The US is also the place where much more than
half of world scientific research is done and
most new products are made first. US Treasury
bonds still have the edge in the eyes of many
jittery big-fund managers (e.g. pensions funds,
Pimco, etc) over other countries' bonds
(particularly the Eurozone!), or equities or gold
(the last is where the money will go if, as
Roubini continurs to say, a far worse crunch is coming.
(MG) I think what we are seeing being played out
is that the US is essentially ungovernable
(KH) Not at all. If both Houses went away for a
long cruise (or even if they were fired to the
moon for a year or two) the country would
continue to operate smoothly without a murmur.

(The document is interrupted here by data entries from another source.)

lemma bounded_compact_supp_conv_power:
  assumes "bounded_compact_supp R B f" "0 \<le> R"
  shows "\<exists>B'. bounded_compact_supp ((real n + 1) * R) B' (conv_power f n)"
proof (induction n)
  case 0
  then show ?case
    using assms(1) by auto
next
  case (Suc n)
  then obtain B' where "bounded_compact_supp ((real n + 1) * R) B' (conv_power f n)"
    by blast
  from bounded_compact_supp_convolution[OF assms(1) this assms(2)] show ?case
    by (auto simp: algebra_simps)
qed

lemma c_fourier_conv_power:
  assumes "bounded_compact_supp R B f" "0 \<le> R"
  shows "c_fourier (conv_power f n) z = c_fourier f z ^ Suc n"
proof (induction n)
  case (Suc n)
  obtain B' where "bounded_compact_supp ((real n + 1) * R) B' (conv_power f n)"
    using bounded_compact_supp_conv_power[OF assms] by blast
  with Suc.IH show ?case
    using c_fourier_convolution[OF assms(1) _ assms(2)] assms(2) by simp
qed simp

lemma has_integral_exp_scaleR:
  fixes b :: complex
  assumes "b \<noteq> 0" "p \<le> q"
  shows "((\<lambda>t. exp (t *\<^sub>R b)) has_integral (exp (q *\<^sub>R b) - exp (p *\<^sub>R b)) / b) {p..q}"
proof -
  have "((\<lambda>t. exp (t *\<^sub>R b)) has_integral (1 / b) * exp (q *\<^sub>R b) - (1 / b) * exp (p *\<^sub>R b)) {p..q}"
  proof (rule fundamental_theorem_of_calculus[OF \<open>p \<le> q\<close>])
    fix t
    show "((\<lambda>t. (1 / b) * exp (t *\<^sub>R b)) has_vector_derivative exp (t *\<^sub>R b)) (at t within {p..q})"
      using has_vector_derivative_mult_right[OF exp_scaleR_has_vector_derivative_right[where A = b],
          where a = "1 / b"] \<open>b \<noteq> 0\<close>
      by simp
  qed
  then show ?thesis
    by (simp add: diff_divide_distrib)
qed

definition exp_kernel :: "real \<Rightarrow> real \<Rightarrow> complex" where
  "exp_kernel A t = (if \<bar>t\<bar> \<le> 1
     then complex_of_real (pi / A * (exp (- 2 * pi * A * \<bar>t\<bar>) - exp (- 2 * pi * A * (2 - \<bar>t\<bar>))))
     else 0)"

lemma bounded_compact_supp_exp_kernel:
  assumes "0 < A"
  shows "bounded_compact_supp 1 (pi / A) (exp_kernel A)"
  unfolding bounded_compact_supp_def
proof (intro conjI allI impI)
  show "exp_kernel A \<in> borel_measurable borel"
    unfolding exp_kernel_def[abs_def] by measurable
  show "cmod (exp_kernel A t) \<le> pi / A" for t
  proof (cases "\<bar>t\<bar> \<le> 1")
    case True
    have "exp (- 2 * pi * A * (2 - \<bar>t\<bar>)) \<le> exp (- 2 * pi * A * \<bar>t\<bar>)"
      using True \<open>0 < A\<close> by (simp add: mult_left_mono)
    moreover have "exp (- 2 * pi * A * \<bar>t\<bar>) \<le> 1"
      using \<open>0 < A\<close> by (simp add: mult_nonneg_nonneg)
    ultimately have diff_le: "\<bar>exp (- 2 * pi * A * \<bar>t\<bar>) - exp (- 2 * pi * A * (2 - \<bar>t\<bar>))\<bar> \<le> 1"
      by (smt (verit) exp_gt_zero)
    then have "\<bar>pi / A * (exp (- 2 * pi * A * \<bar>t\<bar>) - exp (- 2 * pi * A * (2 - \<bar>t\<bar>)))\<bar> \<le> pi / A"
      using mult_left_le[OF diff_le, of "pi / A"] \<open>0 < A\<close> by (simp add: abs_mult)
    then show ?thesis
      unfolding exp_kernel_def if_P[OF True] norm_of_real .
  qed (simp add: exp_kernel_def \<open>0 < A\<close> less_imp_le)
qed (simp add: exp_kernel_def)

lemma exp_kernel_mult_fourier_kernel:
  fixes A t :: real and z :: complex
  defines "b1 \<equiv> complex_of_real (- 2 * pi * A) - 2 * complex_of_real pi * \<i> * z"
    and "b2 \<equiv> complex_of_real (2 * pi * A) - 2 * complex_of_real pi * \<i> * z"
    and "V \<equiv> complex_of_real (exp (- 2 * pi * A))"
  shows "t \<in> {0..1} \<Longrightarrow>
      exp_kernel A t * fourier_kernel z t = complex_of_real (pi / A) * (exp (t *\<^sub>R b1) - V\<^sup>2 * exp (t *\<^sub>R b2))"
    and "t \<in> {-1..0} \<Longrightarrow>
      exp_kernel A t * fourier_kernel z t = complex_of_real (pi / A) * (exp (t *\<^sub>R b2) - V\<^sup>2 * exp (t *\<^sub>R b1))"
proof -
  have reflect: "exp (- 2 * pi * A * (2 - s)) = (exp (- 2 * pi * A))\<^sup>2 * exp (2 * pi * A * s)" for s
    by (simp add: power2_eq_square algebra_simps flip: exp_add)
  show "exp_kernel A t * fourier_kernel z t = complex_of_real (pi / A) * (exp (t *\<^sub>R b1) - V\<^sup>2 * exp (t *\<^sub>R b2))"
    if "t \<in> {0..1}"
  proof -
    have "\<bar>t\<bar> = t" "\<bar>t\<bar> \<le> 1"
      using that by auto
    then have kt: "exp_kernel A t = complex_of_real (pi / A)
        * (complex_of_real (exp (- 2 * pi * A * t)) - V\<^sup>2 * complex_of_real (exp (2 * pi * A * t)))"
      unfolding exp_kernel_def V_def reflect by simp
    have "exp_kernel A t * fourier_kernel z t = complex_of_real (pi / A)
        * (complex_of_real (exp (- 2 * pi * A * t)) * fourier_kernel z t
           - V\<^sup>2 * (complex_of_real (exp (2 * pi * A * t)) * fourier_kernel z t))"
      unfolding kt by (simp add: algebra_simps)
    then show ?thesis
      unfolding b1_def b2_def of_real_exp_mult_fourier_kernel .
  qed
  show "exp_kernel A t * fourier_kernel z t = complex_of_real (pi / A) * (exp (t *\<^sub>R b2) - V\<^sup>2 * exp (t *\<^sub>R b1))"
    if "t \<in> {-1..0}"
  proof -
    have "\<bar>t\<bar> = - t" "\<bar>t\<bar> \<le> 1"
      using that by auto
    then have kt: "exp_kernel A t = complex_of_real (pi / A)
        * (complex_of_real (exp (2 * pi * A * t)) - V\<^sup>2 * complex_of_real (exp (- 2 * pi * A * t)))"
      unfolding exp_kernel_def V_def reflect by simp
    have "exp_kernel A t * fourier_kernel z t = complex_of_real (pi / A)
        * (complex_of_real (exp (2 * pi * A * t)) * fourier_kernel z t
           - V\<^sup>2 * (complex_of_real (exp (- 2 * pi * A * t)) * fourier_kernel z t))"
      unfolding kt by (simp add: algebra_simps)
    then show ?thesis
      unfolding b1_def b2_def of_real_exp_mult_fourier_kernel .
  qed
qed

The civil service would just continue doing what
it's always doing. The real problem is that the
election system has lost its validity in choosing
first class people. Elections every few years
give an accurate overall idea of the inclination
of the non-poor but, increasingly over the years,
the politicians have lost touch with ordinary
people, their jobs, their fears, etc. What we
have now, increasingly, are politicians who are
more or less Whitehall addicts -- first as
interns, then as campaign managers, then as
representatives, and so on. They've never been in
the real world. They've no outside espeience they can bring to bear.

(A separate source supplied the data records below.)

(* For all $t>0$ and $z\in\mathbb{C}$, $$|R(t,z)|\le 2\Lambda\Big(-\frac{\sqrt t}{\sqrt2}\Big)e^{|\mathrm{Re}(z)|}.$$
   Context: $\Lambda(z):=e^{z^2}(1-\mathrm{erf}(z))$ for $z\in\mathbb{C}$; $R(t,z):=e^z\Lambda\big(\frac{z}{2\sqrt{it}}-\sqrt{it}\big)-e^{-z}\Lambda\big(\frac{z}{2\sqrt{it}}+\sqrt{it}\big)$ for $t>0$, $z\in\mathbb{C}$, with principal square roots ($\sqrt{i}=e^{i\pi/4}$). *)

theory Defs
  imports "HOL-Complex_Analysis.Complex_Analysis"
begin

text \<open>Complex error function: erf z = 2/sqrt pi * integral of exp(-w^2) along the segment from 0 to z
  (the entire function; the integral is path independent).\<close>
definition cerf :: "complex \<Rightarrow> complex" where
  "cerf z = (2 / complex_of_real (sqrt pi)) * contour_integral (linepath 0 z) (\<lambda>w. exp (- (w ^ 2)))"

definition Lam :: "complex \<Rightarrow> complex" where
  "Lam z = exp (z ^ 2) * (1 - cerf z)"

definition RR :: "real \<Rightarrow> complex \<Rightarrow> complex" where
  "RR t z = exp z * Lam (z / (2 * csqrt (\<i> * of_real t)) - csqrt (\<i> * of_real t))
          - exp (- z) * Lam (z / (2 * csqrt (\<i> * of_real t)) + csqrt (\<i> * of_real t))"

end

theory Submission
  imports Defs
begin

text \<open>With a = sqrt(i t) and w = z/(2a) we have e^z e^((w-a)^2) = e^(-z) e^((w+a)^2) = e^(w^2+a^2),
  so the two terms of R(t,z) combine into (2/sqrt pi) e^(w^2+a^2) times the integral of e^(-u^2)
  over the segment [w-a, w+a]. On that segment u = w + v a with |v| \<le> 1, and because a^2 is purely
  imaginary, |e^(w^2+a^2-u^2)| = e^(-v Re z) \<le> e^|Re z|. The segment has length 2 sqrt t, so
  |R(t,z)| \<le> (4 sqrt t / sqrt pi) e^|Re z|. Finally 2 sqrt t / sqrt pi \<le> 1 + t/2 \<le> e^(t/2), and
  e^(x^2) \<le> \<Lambda>(-x) for real x > 0 since erf(-x) \<le> 0.\<close>

lemma contour_integral_linepath_split_triangle:
  fixes f :: "complex \<Rightarrow> complex"
  assumes "f holomorphic_on convex hull {r, p, q}"
  shows "contour_integral (linepath p q) f =
         contour_integral (linepath r q) f - contour_integral (linepath r p) f"
proof -
  have cont: "continuous_on (closed_segment q r) f"
    using assms by (rule holomorphic_on_imp_continuous_on[THEN continuous_on_subset])
      (simp add: segment_convex_hull hull_mono)
  have "(f has_contour_integral 0) (linepath r p +++ linepath p q +++ linepath q r)"
    using assms by (rule Cauchy_theorem_triangle)
  then have "contour_integral (linepath r p) f + contour_integral (linepath p q) f
               + contour_integral (linepath q r) f = 0"
    by (rule has_chain_integral_chain_integral3)
  moreover have "contour_integral (linepath q r) f = - contour_integral (linepath r q) f"
    using cont by (rule contour_integral_reverse_linepath)
  ultimately show ?thesis
    by (simp add: algebra_simps eq_neg_iff_add_eq_0)
qed

lemma cerf_diff:
  "cerf q - cerf p =
     2 / complex_of_real (sqrt pi) * contour_integral (linepath p q) (\<lambda>u. exp (- (u ^ 2)))"
proof -
  have split: "contour_integral (linepath p q) (\<lambda>u. exp (- (u ^ 2))) =
        contour_integral (linepath 0 q) (\<lambda>u. exp (- (u ^ 2)))
          - contour_integral (linepath 0 p) (\<lambda>u. exp (- (u ^ 2)))"
    by (rule contour_integral_linepath_split_triangle) (intro holomorphic_intros)
  show ?thesis
    by (simp only: cerf_def split right_diff_distrib)
qed

lemma cerf_neg_of_real:
  assumes "x > 0"
  obtains J where "J \<ge> 0" and "cerf (- complex_of_real x) = - complex_of_real J"
proof -
  let ?f = "\<lambda>u::complex. exp (- (u ^ 2))"
  have "(\<lambda>s. exp (- (s ^ 2))) integrable_on {-x..0}"
    by (intro integrable_continuous_interval continuous_intros)
  then obtain J where J: "((\<lambda>s. exp (- (s ^ 2))) has_integral J) {-x..0}"
    by blast
  then have "((\<lambda>s. complex_of_real (exp (- (s ^ 2)))) has_integral of_real J) {-x..0}"
    by (rule has_integral_of_real)
  then have "((\<lambda>s. ?f (of_real s)) has_integral of_real J) {Re (- of_real x)..Re 0}"
    by (simp flip: exp_of_real)
  then have "(?f has_contour_integral of_real J) (linepath (- of_real x) 0)"
    using assms by (subst has_contour_integral_linepath_Reals_iff) auto
  then have "cerf 0 - cerf (- of_real x) = 2 / complex_of_real (sqrt pi) * of_real J"
    by (simp add: cerf_diff contour_integral_unique)
  moreover have "cerf 0 = 0"
    by (simp add: cerf_def)
  ultimately have "cerf (- of_real x) = - (2 / complex_of_real (sqrt pi) * of_real J)"
    by (metis diff_0 minus_minus)
  then have "cerf (- of_real x) = - complex_of_real (2 / sqrt pi * J)"
    by simp
  moreover have "2 / sqrt pi * J \<ge> 0"
    using has_integral_nonneg[OF J] by simp
  ultimately show thesis
    using that by blast
qed

lemma exp_sq_le_norm_Lam_neg_of_real:
  assumes "x > 0"
  shows "exp (x ^ 2) \<le> cmod (Lam (- complex_of_real x))"
proof -
  obtain J where J: "J \<ge> 0" "cerf (- complex_of_real x) = - complex_of_real J"
    using cerf_neg_of_real[OF assms] .
  have "Lam (- complex_of_real x) = of_real (exp (x ^ 2) * (1 + J))"
    unfolding Lam_def J(2) by (simp flip: exp_of_real)
  then have "cmod (Lam (- complex_of_real x)) = exp (x ^ 2) * (1 + J)"
    using J(1) by (simp only: norm_of_real) simp
  then show ?thesis
    using J(1) by simp
qed

lemma exp_mult_Lam_diff_eq_contour_integral:
  assumes "z = 2 * a * w"
  shows "exp z * Lam (w - a) - exp (- z) * Lam (w + a) =
         2 / complex_of_real (sqrt pi) * exp (w ^ 2 + a ^ 2)
           * contour_integral (linepath (w - a) (w + a)) (\<lambda>u. exp (- (u ^ 2)))"
proof -
  have "exp z * exp ((w - a) ^ 2) = exp (w ^ 2 + a ^ 2)"
       "exp (- z) * exp ((w + a) ^ 2) = exp (w ^ 2 + a ^ 2)"
    by (simp_all add: assms power2_eq_square algebra_simps flip: exp_add)
  then have "exp z * Lam (w - a) - exp (- z) * Lam (w + a)
               = exp (w ^ 2 + a ^ 2) * (1 - cerf (w - a)) - exp (w ^ 2 + a ^ 2) * (1 - cerf (w + a))"
    unfolding Lam_def by (simp only: mult.assoc[symmetric])
  also have "\<dots> = exp (w ^ 2 + a ^ 2) * (cerf (w + a) - cerf (w - a))"
    by (simp add: algebra_simps)
  finally show ?thesis
    by (simp add: cerf_diff)
qed

lemma norm_exp_sq_diff_on_segment_le:
  assumes "Re (a ^ 2) = 0" and "u \<in> closed_segment (w - a) (w + a)"
  shows "cmod (exp (w ^ 2 + a ^ 2 - u ^ 2)) \<le> exp \<bar>Re (2 * a * w)\<bar>"
proof -
  obtain s where s: "0 \<le> s" "s \<le> 1" and u: "u = (1 - s) *\<^sub>R (w - a) + s *\<^sub>R (w + a)"
    using assms(2) unfolding closed_segment_def by blast
  define v where "v = 2 * s - 1"
  have v: "\<bar>v\<bar> \<le> 1"
    using s unfolding v_def by auto
  have "w ^ 2 + a ^ 2 - u ^ 2 = - (2 * a * w) * of_real v + a ^ 2 * of_real (1 - v ^ 2)"
    unfolding u v_def by (simp add: scaleR_conv_of_real power2_eq_square algebra_simps)
  then have "cmod (exp (w ^ 2 + a ^ 2 - u ^ 2))
               = exp (Re (- (2 * a * w) * of_real v + a ^ 2 * of_real (1 - v ^ 2)))"
    by (simp only: norm_exp_eq_Re)
  also have "\<dots> = exp (- Re (2 * a * w) * v)"
    using assms(1) by (simp add: algebra_simps)
  also have "\<dots> \<le> exp \<bar>Re (2 * a * w)\<bar>"
  proof -
    have "- r * v \<le> \<bar>r\<bar>" for r :: real
    proof -
      have "- r * v \<le> \<bar>r\<bar> * \<bar>v\<bar>"
        by (metis abs_ge_minus_self abs_mult minus_mult_left)
      also have "\<dots> \<le> \<bar>r\<bar>"
        using v by (simp add: mult_left_le)
      finally show ?thesis .
    qed
    from this[of "Re (2 * a * w)"] show ?thesis
      by (simp only: exp_le_cancel_iff)
  qed
  finally show ?thesis .
qed

lemma norm_exp_mult_gaussian_integral_le:
  assumes "Re (a ^ 2) = 0"
  shows "cmod (exp (w ^ 2 + a ^ 2) * contour_integral (linepath (w - a) (w + a)) (\<lambda>u. exp (- (u ^ 2))))
           \<le> exp \<bar>Re (2 * a * w)\<bar> * (2 * cmod a)"
proof -
  let ?I = "contour_integral (linepath (w - a) (w + a)) (\<lambda>u. exp (- (u ^ 2)))"
  have "((\<lambda>u. exp (w ^ 2 + a ^ 2) * exp (- (u ^ 2))) has_contour_integral exp (w ^ 2 + a ^ 2) * ?I)
          (linepath (w - a) (w + a))"
    by (intro has_contour_integral_lmul has_contour_integral_integral
          contour_integrable_continuous_linepath continuous_intros)
  moreover have "cmod (exp (w ^ 2 + a ^ 2) * exp (- (u ^ 2))) \<le> exp \<bar>Re (2 * a * w)\<bar>"
    if "u \<in> closed_segment (w - a) (w + a)" for u
    using norm_exp_sq_diff_on_segment_le[OF assms that] by (simp add: exp_diff exp_minus field_simps)
  ultimately have "cmod (exp (w ^ 2 + a ^ 2) * ?I) \<le> exp \<bar>Re (2 * a * w)\<bar> * cmod ((w + a) - (w - a))"
    by (intro has_contour_integral_bound_linepath) auto
  then show ?thesis
    by (simp add: norm_mult)
qed

lemma two_sqrt_div_sqrt_pi_le_exp:
  assumes "t \<ge> 0"
  shows "2 * sqrt t / sqrt pi \<le> exp ((sqrt t / sqrt 2) ^ 2)"
proof -
  define x where "x = sqrt t / sqrt 2"
  have x: "x \<ge> 0" "sqrt t = sqrt 2 * x"
    unfolding x_def using assms by simp_all
  have "sqrt 2 / sqrt pi \<le> 1"
    using pi_gt3 by simp
  then have "2 * x * (sqrt 2 / sqrt pi) \<le> 2 * x"
    using mult_left_mono[of "sqrt 2 / sqrt pi" 1 "2 * x"] x(1) by simp
  then have "2 * sqrt t / sqrt pi \<le> 2 * x"
    by (simp add: x(2) ac_simps)
  also have "\<dots> \<le> 1 + x ^ 2"
  proof -
    have "0 \<le> (x - 1) ^ 2"
      by simp
    then show ?thesis
      by (simp add: power2_eq_square algebra_simps)
  qed
  also have "\<dots> \<le> exp (x ^ 2)"
    by (rule exp_ge_add_one_self)
  finally show ?thesis
    unfolding x_def .
qed

lemma norm_RR_le:
  assumes "t > 0"
  shows "cmod (RR t z) \<le> 2 * (2 * sqrt t / sqrt pi) * exp \<bar>Re z\<bar>"
proof -
  define a where "a = csqrt (\<i> * of_real t)"
  define w where "w = z / (2 * a)"
  let ?E = "exp (w ^ 2 + a ^ 2) * contour_integral (linepath (w - a) (w + a)) (\<lambda>u. exp (- (u ^ 2)))"
  have a2: "a ^ 2 = \<i> * of_real t"
    unfolding a_def by simp
  have "a \<noteq> 0"
    using a2 assms by auto
  then have z: "z = 2 * a * w"
    unfolding w_def by simp
  have "cmod a = sqrt t"
    unfolding a_def using assms by (simp add: norm_mult)
  then have bound: "cmod ?E \<le> exp \<bar>Re z\<bar> * (2 * sqrt t)"
    using norm_exp_mult_gaussian_integral_le[of a w] a2 z by simp
  have "RR t z = 2 / complex_of_real (sqrt pi) * ?E"
    unfolding RR_def a_def[symmetric] w_def[symmetric]
      exp_mult_Lam_diff_eq_contour_integral[OF z] by (simp only: mult.assoc)
  then have "cmod (RR t z) = 2 / sqrt pi * cmod ?E"
    by (simp add: norm_mult norm_divide)
  also have "\<dots> \<le> 2 / sqrt pi * (exp \<bar>Re z\<bar> * (2 * sqrt t))"
    by (rule mult_left_mono[OF bound]) simp
  finally show ?thesis
    by (simp add: ac_simps)
qed

theorem mainTheorem13:
  fixes t :: real and z :: complex
  assumes "t > 0"
  shows "cmod (RR t z) \<le> 2 * cmod (Lam (- complex_of_real (sqrt t / sqrt 2))) * exp \<bar>Re z\<bar>"
proof -
  have "2 * sqrt t / sqrt pi \<le> cmod (Lam (- complex_of_real (sqrt t / sqrt 2)))"
    using assms by (intro order.trans[OF two_sqrt_div_sqrt_pi_le_exp
                                         exp_sq_le_norm_Lam_neg_of_real]) simp_all
  then have "2 * (2 * sqrt t / sqrt pi) * exp \<bar>Re z\<bar>
               \<le> 2 * cmod (Lam (- complex_of_real (sqrt t / sqrt 2))) * exp \<bar>Re z\<bar>"
    by (intro mult_right_mono mult_left_mono) auto
  with norm_RR_le[OF assms] show ?thesis
    by (rule order.trans)
qed

end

(MG) I think the Internet has a lot to do with
it, by allowing for the broad mobilization of
extreme groups particularly on the right who
would otherwise lack the means or sophistication
to organize as a "mass" movement and find methods
of using their specific resources (fanaticism and
singlemindedness) to combine with those with vast
financial resources to create on-going
mischief. Pre-Internet the degrees of separation
between individuals, groupuscles, social strata,
domains of influence were physically/socially too
difficult to bridge especially among
individuals/groups that are in their essence
paranoid. Now these "distances" are trivial and
I think we are seeing the result.
(KH) The Internet hosts a great many
specializations. The Nazi Party had no problem
growing in the 1930s. It had no access to radio
and telephones, even private ones, were as scarce as hens' teeth.
Keith
M
From: [email protected]
[mailto:[email protected]] On Behalf Of Arthur Cordell
Sent: Tuesday, January 01, 2013 10:20 AM
To: 'RE-DESIGNING WORK, INCOME DISTRIBUTION, EDUCATION'
Subject: Re: [Futurework] Debt limit
I think the US will know its reached the limit
when foreigners stop buying its bonds and
furthermore when foreigners stop accepting
contracts in US denominated payouts. At this
point the US will cease to occupy its pre eminent position.
Arthur
From:
<mailto:[email protected]>[email protected]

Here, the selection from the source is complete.